Numerical analysis of multi-regime combustion using flamelet generated manifolds - a highly-resolved Large-Eddy Simulation of the Darmstadt multi-regime burner

Abstract

Multi-regime effects occur due to the interaction of combustion phenomena such as partial premixing of reactants or product-recirculation and lead to the invalidity of idealization of local reaction zones by purely premixed or purely non-premixed flame structures. The recently proposed multi-regime burner (MRB) at the Hochschule Darmstadt and the TU Darmstadt is investigated using highly-resolved Large-Eddy Simulation (LES) regarding the present combustion modes – with focus on MILD combustion – and overall flame characteristics. Thermochemical experimental data and highly resolved LES are compared for two selected operating conditions MRB18b and MRB26b. The experimental investigation focuses on the overall flame structure by examining radial profiles of temperature and mixture fraction, as well as scatter plots of temperature and CH4 versus mixture fraction. The objective of this analysis is to provide insights into the reaction zone structure which are difficult to extract by experimental means, by using highly-resolved Large-Eddy Simulations under flow conditions representative of MRB18b and MRB26b.

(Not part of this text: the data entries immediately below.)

(* Let $r\ge 2$ be a constant, $n\ge 2$, and $k\ge 2r$ a divisor of $n$. Let $g^k:\{0,1\}^k\to\mathbb{R}$ be $\mathrm{Fork}_{k,r}$ with the last $r$ bits of the argument complemented, i.e. $g^k(z_0\dots z_{k-1})=\mathrm{Fork}_{k,r}(z_0\dots z_{k-r-1}\bar z_{k-r}\dots\bar z_{k-1})$, so that $1^k$ is its unique optimum, where $\mathrm{Fork}_{k,r}(x)=k+1$ if $x=0^r1^{k-r}$, $k+2$ if $x=1^{k-r}0^r$, and $|x|_1$ otherwise. Define LeadingOnes with $k$-block Fork as $$F(x)=\sum_{i=0}^{n/k-1} g^k(x_{ik}\dots x_{ik+k-1})\cdot\prod_{j=0}^{ik-1}x_j,\quad x\in\{0,1\}^n.$$ Then the expected optimization time $E(T)$ of the (1+1) EA (mutation probability $1/n$) on $F$ satisfies $E(T)\in\Theta\!\left(\frac1k n^{2r+1}\right)$.
   Context: The (1+1) EA with mutation probability $1/n$: start with $x$ uniform in $\{0,1\}^n$; each iteration create $y$ by flipping each bit of $x$ independently with probability $1/n$, set $x\gets y$ if $F(y)\ge F(x)$. Optimization time = number of iterations until the optimum is the current solution. Asymptotics are with respect to $n$. *)

theory Defs
  imports "HOL-Probability.Probability"
begin

text \<open>Bit strings of length n are boolean lists of length n (True = 1).\<close>

fun mutate :: "real \<Rightarrow> bool list \<Rightarrow> bool list pmf" where
  "mutate p [] = return_pmf []"
| "mutate p (b # bs) =
     bind_pmf (bernoulli_pmf p) (\<lambda>f.
     bind_pmf (mutate p bs) (\<lambda>rest.
     return_pmf ((if f then \<not> b else b) # rest)))"

definition ones :: "bool list \<Rightarrow> nat" where
  "ones x = length (filter id x)"

text \<open>One iteration of the (1+1) EA with mutation probability 1/n, stopped once the
  optimum opt is the current solution (this does not change the first hitting time).\<close>
definition ea_step :: "(bool list \<Rightarrow> real) \<Rightarrow> nat \<Rightarrow> bool list \<Rightarrow> bool list \<Rightarrow> bool list pmf" where
  "ea_step F n opt x =
     (if x = opt then return_pmf x
      else bind_pmf (mutate (1 / real n) x)
             (\<lambda>y. return_pmf (if F y \<ge> F x then y else x)))"

definition ea_state :: "(bool list \<Rightarrow> real) \<Rightarrow> nat \<Rightarrow> bool list \<Rightarrow> nat \<Rightarrow> bool list pmf" where
  "ea_state F n opt t =
     ((\<lambda>p. bind_pmf p (ea_step F n opt)) ^^ t) (pmf_of_set {x. length x = n})"

text \<open>Expected optimization time E(T) = sum over t of P(T > t), where T > t iff the
  (stopped) process is not at the optimum after t iterations.\<close>
definition ea_expected_time :: "(bool list \<Rightarrow> real) \<Rightarrow> nat \<Rightarrow> bool list \<Rightarrow> ennreal" where
  "ea_expected_time F n opt =
     (\<Sum>t. ennreal (measure_pmf.prob (ea_state F n opt t) {x. x \<noteq> opt}))"

definition fork :: "nat \<Rightarrow> nat \<Rightarrow> bool list \<Rightarrow> real" where
  "fork k r x =
     (if x = replicate r False @ replicate (k - r) True then real k + 1
      else if x = replicate (k - r) True @ replicate r False then real k + 2
      else real (ones x))"

definition gblock :: "nat \<Rightarrow> nat \<Rightarrow> bool list \<Rightarrow> real" where
  "gblock k r z = fork k r (take (k - r) z @ map Not (drop (k - r) z))"

definition lo_fork :: "nat \<Rightarrow> nat \<Rightarrow> nat \<Rightarrow> bool list \<Rightarrow> real" where
  "lo_fork n k r x =
     (\<Sum>i<n div k. gblock k r (take k (drop (i * k) x)) *
                   (\<Prod>j<i * k. if x ! j then 1 else 0))"

end

theory Submission
  imports Defs
begin

text \<open>The fitness of x is determined by the number of leading all-one blocks and the value of g on
  the first block that is not all ones, so the blocks are optimised one after another.

  Upper bound: on a non-optimal block a single bit flip increases g, except at the local optimum
  1^(k-r) 0^r of g, which needs r flips, and at the trap 0^r 1^(k-2r) 0^r, which needs 2r flips.
  A potential charging about n, n^r and n^(2r) steps for these levels, summed over the n/k
  blocks, decreases by at least one in expectation in every step.

  Lower bound: complementing and swapping the first and last r bits of block m exchanges the trap
  with 1^k, preserves g elsewhere and commutes with mutation.  Hence, for the process stopped as
  soon as block m becomes the trap or 1^k, both outcomes are equally likely, and block m is
  trapped with probability at least 1/4 by the time the optimum is likely to have been found.
  A trap is left only by flipping 2r specific bits, so the process stays there for about n^(2r)
  steps; the n/k blocks contribute disjoint occupation times.\<close>

section \<open>Iterated Markov kernels\<close>

definition markov_iter :: "('a \<Rightarrow> 'a pmf) \<Rightarrow> nat \<Rightarrow> 'a pmf \<Rightarrow> 'a pmf" where
  "markov_iter K t \<mu> = ((\<lambda>p. bind_pmf p K) ^^ t) \<mu>"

The generated database was used to allow for a separate analysis of the inner and outer flame branches. SO2 measurements were analyzed together with the simulated temperature fields to further assess the flame stabilization mechanism in this configuration. The importance of different flame zones and burning modes was analyzed using the flame index and temperature locus diagrams. The effects of the flame zones are found to evolve with the downstream distance and show distinct differences between the two operating conditions. The applied diagnostics reveal the spatial and thermodynamical state of the different regimes.